Get out of my thread. >_<

You were warned, had your post count reset, and with a good explanation and yet you continue to spam and make pointless posts? What is your problem, kid? :chair:


----------



## karazy (Nov 2, 2007)

lol

any updates KT


----------



## Guest (Aug 9, 2008)

Well, I decided to go full reef with this tank, so I've got some low-light corals in there now, but very soon I'm getting a 3x250 watt 10,000k MH and 4x39 watt T-5 actinics with blue and white night time LEDs. I'm wanting to keep mainly LPS and some softies (zoas, rics, leathers, etc). Probably some SPS like monti cap, monti digi, some encrusting montis, and maybe acro. It won't be SPS dominated though. Also gonna finally be adding a sump now that I have enough funds, so that will be going in soon as well. it will include a fuge.

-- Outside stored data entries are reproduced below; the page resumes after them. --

lemma comb_leq_tpow_mul:
  assumes cs: "length cs = length gs" and ds: "length ds = length gs"
    and same_zeros: "\<forall>i<length gs. cs ! i = None \<longleftrightarrow> ds ! i = None"
  shows "\<exists>K. comb cs \<preceq> tpow K \<otimes> comb ds"
proof -
  define n where "n = length gs"
  define K where "K = Max ((\<lambda>i. the (cs ! i) - the (ds ! i)) ` {..<n})"
  have term_leq: "f (cs ! i) \<otimes> gs ! i \<preceq> tpow K \<otimes> (f (ds ! i) \<otimes> gs ! i)" if i: "i < n" for i
  proof (cases "cs ! i")
    case None
    then show ?thesis using zero_leq mul_closed tpow_closed f_closed gen_closed i n_def f_None mul_zero_left by simp
  next
    case (Some a)
    then obtain b where b: "ds ! i = Some b" using same_zeros i n_def by fastforce
    have "a - b \<le> K" unfolding K_def using i Some b by (intro Max_ge) force+
    then have "gs ! i \<otimes> tpow a \<preceq> gs ! i \<otimes> tpow (K + b)"
      using i n_def by (intro mul_leq_mono tpow_mono) (simp_all add: gen_closed tpow_closed)
    then show ?thesis
      using i n_def
      by (simp add: Some b tpow_def[symmetric] mul_commute[OF gen_closed tpow_closed] tpow_closed gen_closed
          flip: mul_assoc tpow_add)
  qed
  have "comb cs \<preceq> lsum (\<lambda>i. tpow K \<otimes> (f (ds ! i) \<otimes> gs ! i)) [0..<n]"
    unfolding lin_comb_conv_lsum[OF cs] n_def
    by (rule lsum_mono) (simp_all add: term_leq[unfolded n_def] mul_closed tpow_closed f_closed gen_closed)
  also have "lsum (\<lambda>i. tpow K \<otimes> (f (ds ! i) \<otimes> gs ! i)) [0..<n] = tpow K \<otimes> comb ds"
    unfolding lin_comb_conv_lsum[OF ds] n_def
    by (rule mul_lsum[symmetric]) (simp_all add: tpow_closed mul_closed f_closed gen_closed)
  finally show ?thesis by blast
qed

As for current stock, I've still got the sixline soapfish who I think I may be forced to move soon and a fu manchu lionfish who is doing wonderfully. Current corals include frogspawn, GSP, the original mushrooms I had, and a few varieties of zoas.


----------



## TheOldSalt (Jan 28, 2005)

You've got some serious disposable income for a 17 year old, you know that?


----------



## MaelStrom (Jun 24, 2007)

Zoas and Ricordea!
http://coralmorphologic.com/index.html


----------



## Guest (Aug 9, 2008)

TheOldSalt said:


> You've got some serious disposable income for a 17 year old, you know that?


 
I pay for most of _my _tanks myself, but not all of the tanks in my household are strictly my own. My mom is just as much of a fish nerd as me. :razz: Not even just my mom, my whole family really. Sometimes I think my dad only tolerates it, but he can get into some of the fishy stuff as well. 

FYI, pretty much all of the money I have is going into this tank.  This tank is one of the tanks that is actually mine. Not that I need to justify myself.


----------



## Guest (Aug 9, 2008)

TheOldSalt said:


> You've got some serious disposable income for a 17 year old, you know that?


Not really anyones business how much money someone has, where it comes from, or how they spend it. Kind of rude actually....


----------



## justintrask (Jun 29, 2008)

I'd like to know just so that I can do the same! haha


----------